Southwestern Beef Stew

This zippy stew experienced with picante sauce is fantastic on cold winter nights. The preparation is so simple … it’s ready in minutes after a busy day at work.– Regina Stock of Topeka, Kansas.


  • 2 pounds beef stew meat
  • 1 container (16 ounces) picante sauce
  • 2 medium potatoes, peeled and cubed
  • 4 medium carrots, sliced
  • 1 big onion, sliced
  • 1 teaspoon chili powder
  • 1/4 teaspoon salt
  • 1/4 teaspoon ground cumin
  • 1 tablespoon cornstarch
  • 1/4 cup cold water


  • In a large nonstick frying pan covered with cooking spray, brown beef on all sides; drain.

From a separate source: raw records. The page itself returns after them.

(* The $2\times2\times2$ quaternion tensor $$T=\left(\begin{bmatrix}1&0\\0&1\end{bmatrix};\begin{bmatrix}0&1\\0&0\end{bmatrix}\right)$$ has $\mathrm{rank}(T)=3$.
   Context: $\mathbb{H}$ denotes the real quaternions. An $n_1\times n_2\times n_3$ quaternion tensor is an array $T=(T_{ijk})$ with entries in $\mathbb{H}$, $1\le i\le n_1$, $1\le j\le n_2$, $1\le k\le n_3$; it is written $T=(A_1;\dots;A_{n_2})$ where the frontal slice $A_j$ is the $n_1\times n_3$ matrix $(T_{ijk})_{i,k}$. A nonzero tensor is simple if $T_{ijk}=a_ib_jc_k$ (quaternion product in this order) for some $\vec a\in\mathbb{H}^{n_1},\vec b\in\mathbb{H}^{n_2},\vec c\in\mathbb{H}^{n_3}$. The rank of $T$ is the least number of simple tensors summing to $T$. *)

theory Defs
  imports Complex_Main
begin

datatype quat = Quat (qre: real) (qi: real) (qj: real) (qk: real)

instantiation quat :: ring_1
begin
definition "0 = Quat 0 0 0 0"
definition "1 = Quat 1 0 0 0"
definition "x + y = Quat (qre x + qre y) (qi x + qi y) (qj x + qj y) (qk x + qk y)"
definition "x - y = Quat (qre x - qre y) (qi x - qi y) (qj x - qj y) (qk x - qk y)"
definition "- x = Quat (- qre x) (- qi x) (- qj x) (- qk x)"
text \<open>Hamilton product: i^2 = j^2 = k^2 = ijk = -1.\<close>
definition "x * y = Quat
  (qre x * qre y - qi x * qi y - qj x * qj y - qk x * qk y)
  (qre x * qi y + qi x * qre y + qj x * qk y - qk x * qj y)
  (qre x * qj y - qi x * qk y + qj x * qre y + qk x * qi y)
  (qre x * qk y + qi x * qj y - qj x * qi y + qk x * qre y)"
instance
  by standard (simp_all add: zero_quat_def one_quat_def plus_quat_def minus_quat_def
      uminus_quat_def times_quat_def quat.expand algebra_simps)
end

text \<open>An n1 x n2 x n3 quaternion tensor is represented as a function of three
  indices (0-based), only the values with i < n1, j < n2, k < n3 being relevant.\<close>

type_synonym qtensor = "nat \<Rightarrow> nat \<Rightarrow> nat \<Rightarrow> quat"

definition simple_tensor :: "nat \<Rightarrow> nat \<Rightarrow> nat \<Rightarrow> qtensor \<Rightarrow> bool" where
  "simple_tensor n1 n2 n3 S \<longleftrightarrow>
     (\<exists>i<n1. \<exists>j<n2. \<exists>k<n3. S i j k \<noteq> 0) \<and>
     (\<exists>a b c :: nat \<Rightarrow> quat. \<forall>i<n1. \<forall>j<n2. \<forall>k<n3. S i j k = a i * b j * c k)"

definition tensor_rank :: "nat \<Rightarrow> nat \<Rightarrow> nat \<Rightarrow> qtensor \<Rightarrow> nat" where
  "tensor_rank n1 n2 n3 T = (LEAST r. \<exists>Ss :: nat \<Rightarrow> qtensor.
      (\<forall>l<r. simple_tensor n1 n2 n3 (Ss l)) \<and>
      (\<forall>i<n1. \<forall>j<n2. \<forall>k<n3. T i j k = (\<Sum>l<r. Ss l i j k)))"

end

theory Submission
  imports Defs
begin

text \<open>Write the fibres of the tensor as vectors in the right vector space \<open>\<bbbH>\<^sup>2\<close>:
  a decomposition \<open>T = a \<otimes> b \<otimes> c + a' \<otimes> b' \<otimes> c'\<close> makes the fibre \<open>T(\<cdot>,j,k)\<close> equal to
  \<open>a (b\<^sub>j c\<^sub>k) + a' (b'\<^sub>j c'\<^sub>k)\<close>. The fibres \<open>(0,0)\<close> and \<open>(0,1)\<close> are the unit vectors, so
  \<open>a, a'\<close> form a right basis and coefficients are unique. The zero fibre \<open>(1,0)\<close> then
  forces \<open>b\<^sub>1 c\<^sub>0 = b'\<^sub>1 c'\<^sub>0 = 0\<close>, and comparing the equal fibres \<open>(0,0)\<close> and \<open>(1,1)\<close>
  gives \<open>b\<^sub>0 c\<^sub>0 = b\<^sub>1 c\<^sub>1\<close> and \<open>b'\<^sub>0 c'\<^sub>0 = b'\<^sub>1 c'\<^sub>1\<close>. Either factor of \<open>b\<^sub>1 c\<^sub>0\<close> vanishing kills
  \<open>b\<^sub>0 c\<^sub>0\<close>, and likewise for the primed terms, so the fibre \<open>(0,0)\<close> would be zero.\<close>

instantiation quat :: division_ring
begin

definition "inverse x = (let n = qre x^2 + qi x^2 + qj x^2 + qk x^2 in
   Quat (qre x / n) (- qi x / n) (- qj x / n) (- qk x / n))"

definition "divide x y = x * inverse (y :: quat)"

lemma quat_norm_square_nonzero:
  "(x :: quat) \<noteq> 0 \<Longrightarrow> qre x^2 + qi x^2 + qj x^2 + qk x^2 \<noteq> 0"
  by (cases x) (auto simp: zero_quat_def add_nonneg_eq_0_iff)

instance
proof
  fix a :: quat
  assume "a \<noteq> 0"
  define n where "n = qre a^2 + qi a^2 + qj a^2 + qk a^2"
  have "n \<noteq> 0"
    using quat_norm_square_nonzero[OF \<open>a \<noteq> 0\<close>] by (simp add: n_def)
  then have norm: "qre a * qre a / n + qi a * qi a / n + qj a * qj a / n + qk a * qk a / n = 1"
    by (simp add: n_def power2_eq_square add_divide_distrib[symmetric])
  have inv: "inverse a = Quat (qre a / n) (- qi a / n) (- qj a / n) (- qk a / n)"
    by (simp add: inverse_quat_def Let_def n_def)
  show "inverse a * a = 1" "a * inverse a = 1"
    using norm by (simp_all add: inv times_quat_def one_quat_def algebra_simps)
qed (simp_all add: divide_quat_def inverse_quat_def zero_quat_def)

end


lemma single_vector_not_spanning_plane:
  fixes u :: "nat \<Rightarrow> 'a :: division_ring"
  assumes "u 0 * s = 1" and "u 1 * s = 0" and "u 1 * t = 1"
  shows False
proof -
  have "s \<noteq> 0" using assms(1) by auto
  then have "u 1 = 0" using assms(2) by simp
  then show False using assms(3) by simp
qed

lemma spanning_pair_second_coefficient_zero:
  fixes u v :: "nat \<Rightarrow> 'a :: division_ring"
  assumes e0: "\<And>i. i < 2 \<Longrightarrow> u i * x0 + v i * y0 = of_bool (i = 0)"
    and e1: "\<And>i. i < 2 \<Longrightarrow> u i * x1 + v i * y1 = of_bool (i = 1)"
    and zero: "\<And>i. i < 2 \<Longrightarrow> u i * x + v i * y = 0"
  shows "y = 0"
proof (rule ccontr)
  assume "y \<noteq> 0"
  define w where "w = x * inverse y"
  have v: "v i = - (u i * w)" if "i < 2" for i
  proof -
    have "(v i + u i * w) * y = u i * x + v i * y"
      using \<open>y \<noteq> 0\<close> by (simp add: w_def algebra_simps mult.assoc)
    then show ?thesis using zero[OF that] \<open>y \<noteq> 0\<close> by (simp add: eq_neg_iff_add_eq_0)
  qed
  have combine: "u i * x' + v i * y' = u i * (x' - w * y')" if "i < 2" for i x' y'
    using v[OF that] by (simp add: algebra_simps mult.assoc)
  show False
    using e0[of 0] e0[of 1] e1[of 1]
    by (intro single_vector_not_spanning_plane[of u "x0 - w * y0" "x1 - w * y1"])
      (simp_all add: combine)
qed

lemma spanning_pair_right_independent:
  fixes u v :: "nat \<Rightarrow> 'a :: division_ring"
  assumes "\<And>i. i < 2 \<Longrightarrow> u i * x0 + v i * y0 = of_bool (i = 0)"
    and "\<And>i. i < 2 \<Longrightarrow> u i * x1 + v i * y1 = of_bool (i = 1)"
    and "\<And>i. i < 2 \<Longrightarrow> u i * x + v i * y = 0"
  shows "x = 0" and "y = 0"
proof -
  show "y = 0"
    using assms by (rule spanning_pair_second_coefficient_zero)
  show "x = 0"
    using assms by (intro spanning_pair_second_coefficient_zero[of v y0 u x0 y1 x1 y x])
      (simp_all add: add.commute)
qed

definition identity_nilpotent_tensor :: "nat \<Rightarrow> nat \<Rightarrow> nat \<Rightarrow> 'a :: zero_neq_one" where
  "identity_nilpotent_tensor i j k =
     (if (i, j, k) \<in> {(0, 0, 0), (1, 0, 1), (0, 1, 1)} then 1 else 0)"

lemma identity_nilpotent_tensor_not_sum_of_two_products:
  fixes a b c a' b' c' :: "nat \<Rightarrow> 'a :: division_ring"
  assumes decomp: "\<forall>i<2. \<forall>j<2. \<forall>k<2.
    identity_nilpotent_tensor i j k = a i * b j * c k + a' i * b' j * c' k"
  shows False
proof -
  define \<beta> where "\<beta> j k = b j * c k" for j k
  define \<beta>' where "\<beta>' j k = b' j * c' k" for j k
  have fibre: "a i * \<beta> j k + a' i * \<beta>' j k = identity_nilpotent_tensor i j k"
    if "i < 2" "j < 2" "k < 2" for i j k
    using decomp that by (simp add: \<beta>_def \<beta>'_def mult.assoc)
  have small: "i < 2 \<longleftrightarrow> i = 0 \<or> i = 1" for i :: nat by auto
  have e0: "a i * \<beta> 0 0 + a' i * \<beta>' 0 0 = of_bool (i = 0)"
    and e1: "a i * \<beta> 0 1 + a' i * \<beta>' 0 1 = of_bool (i = 1)"
    and zero: "a i * \<beta> 1 0 + a' i * \<beta>' 1 0 = 0"
    and diff: "a i * (\<beta> 0 0 - \<beta> 1 1) + a' i * (\<beta>' 0 0 - \<beta>' 1 1) = 0"
    if "i < 2" for i
    using that fibre[of i] by (auto simp: small identity_nilpotent_tensor_def algebra_simps)
  have "\<beta> 1 0 = 0" "\<beta>' 1 0 = 0"
    using spanning_pair_right_independent[of a _ a', OF e0 e1 zero] by simp_all
  moreover have "\<beta> 0 0 - \<beta> 1 1 = 0" "\<beta>' 0 0 - \<beta>' 1 1 = 0"
    using spanning_pair_right_independent[of a _ a', OF e0 e1 diff] by simp_all
  ultimately have "\<beta> 0 0 = 0" "\<beta>' 0 0 = 0"
    by (auto simp: \<beta>_def \<beta>'_def)
  then show False
    using e0[of 0] by simp
qed

definition has_decomposition :: "nat \<Rightarrow> nat \<Rightarrow> nat \<Rightarrow> qtensor \<Rightarrow> nat \<Rightarrow> bool" where
  "has_decomposition n1 n2 n3 T r \<longleftrightarrow> (\<exists>Ss :: nat \<Rightarrow> qtensor.
      (\<forall>l<r. simple_tensor n1 n2 n3 (Ss l)) \<and>
      (\<forall>i<n1. \<forall>j<n2. \<forall>k<n3. T i j k = (\<Sum>l<r. Ss l i j k)))"

lemma tensor_rank_eqI:
  assumes "has_decomposition n1 n2 n3 T r"
    and "\<And>s. has_decomposition n1 n2 n3 T s \<Longrightarrow> r \<le> s"
  shows "tensor_rank n1 n2 n3 T = r"
  using assms unfolding tensor_rank_def has_decomposition_def by (rule Least_equality)

definition basis_tensor :: "nat \<Rightarrow> nat \<Rightarrow> nat \<Rightarrow> qtensor" where
  "basis_tensor p q t i j k = of_bool (i = p) * of_bool (j = q) * of_bool (k = t)"

lemma simple_basis_tensor:
  assumes "p < n1" "q < n2" "t < n3"
  shows "simple_tensor n1 n2 n3 (basis_tensor p q t)"
  unfolding simple_tensor_def basis_tensor_def using assms by fastforce

lemma has_decomposition_le_two_imp_sum_of_two_products:
  assumes "has_decomposition n1 n2 n3 T r" and "r \<le> 2"
  shows "\<exists>a b c a' b' c'. \<forall>i<n1. \<forall>j<n2. \<forall>k<n3.
    T i j k = a i * b j * c k + a' i * b' j * c' k"
proof -
  obtain Ss where simple: "\<forall>l<r. simple_tensor n1 n2 n3 (Ss l)"
    and sum: "\<forall>i<n1. \<forall>j<n2. \<forall>k<n3. T i j k = (\<Sum>l<r. Ss l i j k)"
    using assms(1) unfolding has_decomposition_def by blast
  have "\<forall>l. \<exists>a b c. l < r \<longrightarrow>
      (\<forall>i<n1. \<forall>j<n2. \<forall>k<n3. Ss l i j k = a i * b j * c k)"
    using simple unfolding simple_tensor_def by blast
  then obtain A B C where factors: "\<And>l i j k. l < r \<Longrightarrow> i < n1 \<Longrightarrow> j < n2 \<Longrightarrow> k < n3 \<Longrightarrow>
      Ss l i j k = A l i * B l j * C l k"
    by metis
  define A' where "A' l = (if l < r then A l else (\<lambda>_. 0))" for l
  have "T i j k = A' 0 i * B 0 j * C 0 k + A' 1 i * B 1 j * C 1 k"
    if "i < n1" "j < n2" "k < n3" for i j k
  proof -
    have "T i j k = (\<Sum>l<r. A' l i * B l j * C l k)"
      using sum that factors by (simp add: A'_def)
    also have "\<dots> = (\<Sum>l<2. A' l i * B l j * C l k)"
      using \<open>r \<le> 2\<close> by (intro sum.mono_neutral_left) (auto simp: A'_def)
    finally show ?thesis by (simp add: numeral_2_eq_2)
  qed
  then show ?thesis by blast
qed

lemma has_decomposition_identity_nilpotent_tensor:
  "has_decomposition 2 2 2 identity_nilpotent_tensor 3"
proof -
  define Ss :: "nat \<Rightarrow> qtensor" where
    "Ss l = (case [(0, 0, 0), (1, 0, 1), (0, 1, 1)] ! l of (p, q, t) \<Rightarrow> basis_tensor p q t)" for l
  have "simple_tensor 2 2 2 (Ss l)" if "l < 3" for l
    using that by (auto simp: Ss_def less_Suc_eq numeral_3_eq_3 intro!: simple_basis_tensor)
  moreover have "identity_nilpotent_tensor i j k = (\<Sum>l<3. Ss l i j k)"
    if "i < 2" "j < 2" "k < 2" for i j k
    using that by (auto simp: Ss_def less_Suc_eq numeral_2_eq_2 numeral_3_eq_3
        identity_nilpotent_tensor_def basis_tensor_def)
  ultimately show ?thesis
    unfolding has_decomposition_def by blast
qed

lemma has_decomposition_identity_nilpotent_tensor_ge_3:
  assumes "has_decomposition 2 2 2 identity_nilpotent_tensor s"
  shows "3 \<le> s"
proof (rule ccontr)
  assume "\<not> 3 \<le> s"
  then have "s \<le> 2" by simp
  then show False
    using has_decomposition_le_two_imp_sum_of_two_products[OF assms]
      identity_nilpotent_tensor_not_sum_of_two_products by blast
qed

theorem mainTheorem6:
  shows "tensor_rank 2 2 2
           (\<lambda>i j k. if (i, j, k) \<in> {(0, 0, 0), (1, 0, 1), (0, 1, 1)} then 1 else 0) = 3"
  unfolding identity_nilpotent_tensor_def[symmetric]
  using has_decomposition_identity_nilpotent_tensor has_decomposition_identity_nilpotent_tensor_ge_3
  by (rule tensor_rank_eqI)

end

Transfer to a 3-qt. sluggish cooker. Stir in the picante sauce, potatoes, carrots, onion, chili powder, salt and cumin.
  • Cover and cook on low for 8-9 hours or till meat and vegetables hurt.
  • In a little bowl, integrate cornstarch and water until smooth; stir into stew. Cover and prepare on high for 15 minutes or till thickened.
Nutrition Realities

1 cup: 266 calories, 9g fat (3g saturated fat), 81 mg cholesterol, 436 mg salt, 18 g carbohydrate (6g sugars, 2g fiber), 26 g protein. Diabetic Exchanges: 3 lean meat, 2 veggie, 1/2 starch.